The scrip tanked 19.83 per cent to Rs 14.75 — its lower circuit as well as its 52-week low — on the BSE.
On the National Stock Exchange, it cracked 19.78 per cent to Rs 14.80, its lowest trading permissible limit for the day as also its one-year low.
Its market valuation also plummeted by Rs 206.8 crore to Rs 946.20 crore on the BSE.
Shares of YES Bank, which has nearly 13 per cent stake in CG Power as in the June 2019 quarter, also fell 7.36 per cent to Rs 71.05 apiece on the BSE.
After a marathon meeting CG Power in a BSE filing early morning on Tuesday said, “While working on one of its priority tasks of seeking refinancing of certain facilities and as a part of conducting financial analysis in this regard, the Ops Committee was made aware of some unauthorised transactions by certain employees of the company.”
The board meeting commenced at 3:00 pm on August 19, 2019, and concluded at 4:00 am on August 20, 2019.

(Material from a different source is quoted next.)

(* In the random coefficients perturbed utility model described in the context, let the average structural function factor as in the context (so that $\overline{Y}(x,\beta)$ is defined) and let Assumption 2 hold. Assume $\beta_{k,1}=1$ almost surely (under $\nu$) for each $k\in\{1,\dots,K\}$. For each $k$ let $-\infty\le\underline{x}_{k,1}\le\overline{x}_{k,1}\le\infty$, and suppose $\overline{Y}(x)$ is identified (known) for all $x=(x_1',\dots,x_K')'$ satisfying $x_{k,1}\in[\underline{x}_{k,1},\overline{x}_{k,1}]$ for each $k$ and $x_{k,j}=0$ for all $j>1$. Then differences $V(u)-V(u')$ are identified for all $u,u'\in\times_{k=1}^K[\underline{x}_{k,1},\overline{x}_{k,1}]$. In particular, if $\underline{x}_{k,1}=-\infty$ and $\overline{x}_{k,1}=\infty$ for each $k$, then $V$ is identified up to an additive constant.
   Context: Model. There are $K$ goods. For each good $k\in\{1,\dots,K\}$ there is a covariate vector $x_k=(x_{k,1},\dots,x_{k,d_k})'\in\mathbb{R}^{d_k}$ and a random coefficient vector $\beta_k=(\beta_{k,1},\dots,\beta_{k,d_k})'\in\mathbb{R}^{d_k}$; write $x=(x_1',\dots,x_K')'$ and $\beta=(\beta_1',\dots,\beta_K')'$. Let $\varepsilon$ be an unobservable of unrestricted dimension in a measurable space $E$, $B\subseteq\mathbb{R}^K$ a feasibility set and $D:B\times E\to\mathbb{R}\cup\{-\infty\}$ a disturbance. Choices satisfy $Y(x,\beta,\varepsilon)\in\arg\max_{y\in B}\sum_{k=1}^K y_k(\beta_k'x_k)+D(y,\varepsilon)$ (argmax nonempty). The average structural function is $\overline{Y}(x)=\int Y(x,\beta,\varepsilon)\,d\tau(\beta,\varepsilon)$, where $\tau=\nu\otimes\mu$ is a product of a probability measure $\nu$ over $\beta$ and a probability measure $\mu$ over $\varepsilon$ (slope–intercept independence), not depending on $x$, and $\overline{Y}(x)$ is finite. Define $\overline{Y}(x,\beta)=\int Y(x,\beta,\varepsilon)\,d\mu(\varepsilon)$, so $\overline{Y}(x)=\int\overline{Y}(x,\beta)\,d\nu(\beta)$. Let $\overline{B}$ be the convex hull of $B$ and $\overline{D}(y)=\sup\{\int D(\tilde Y(\varepsilon),\varepsilon)\,d\mu(\varepsilon):\tilde Y:E\to B\text{ measurable},\ \int\tilde Y\,d\mu=y\}$ ($\sup\emptyset=-\infty$). Assumption 2: (i) $\overline{Y}(x,\beta)$ equals (is the unique element of) $\arg\max_{y\in\overline{B}}\sum_k y_k(\beta_k'x_k)+\overline{D}(y)$; (ii) $\overline{B}$ is nonempty, closed, convex; (iii) $\overline{D}:\mathbb{R}^K\to\mathbb{R}\cup\{-\infty\}$ is concave, upper semicontinuous, finite at some $y\in\overline{B}$. Define the integrated indirect utility $V(u)=\max_{y\in\overline{B}}\sum_k y_ku_k+\overline{D}(y)$ for $u\in\mathbb{R}^K$. Identification: a quantity is identified if it is uniquely determined by the known values of $\overline{Y}$ on the stated region, i.e. all specifications satisfying the hypotheses and generating the same $\overline{Y}$ there yield the same value. *)

theory Defs
  imports "HOL-Analysis.Analysis" "HOL-Probability.Probability"
begin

The Operations Committee was also made aware of a letter received by the company from a particular financing company regarding a certain interest payment failure which the Operations Committee was unable to trace or ascertain from the financials of the company, the filing added.
The board also found that the total liabilities of the company and the group may have been potentially understated. The filing also said that advances to related and unrelated parties of the company and the group may have been potentially understated.
“The total liabilities of the company and the group may have been potentially understated by approximately Rs 1,053.54 crore and Rs 1,608.17 crore respectively as at 31 March 2018; and by Rs 601.83 crore and Rs 401.83 crore respectively as at 1 April 2017,” the filing added.
“Moreover, advances to related and unrelated parties of the company and the group may have been potentially understated by Rs 1,990.36 crore and Rs 2,806.63 crore respectively as at March 31, 2018; and by Rs 1,479.34 crore and Rs 1,331.47 crore respectively as at April 1, 2017,” it said.
The filing further said the company’s net worth was potentially understated due to unauthorised and inappropriate write-offs and charges debited to the profit and loss statement during the year ended March 31, 2018 and April 1, 2017.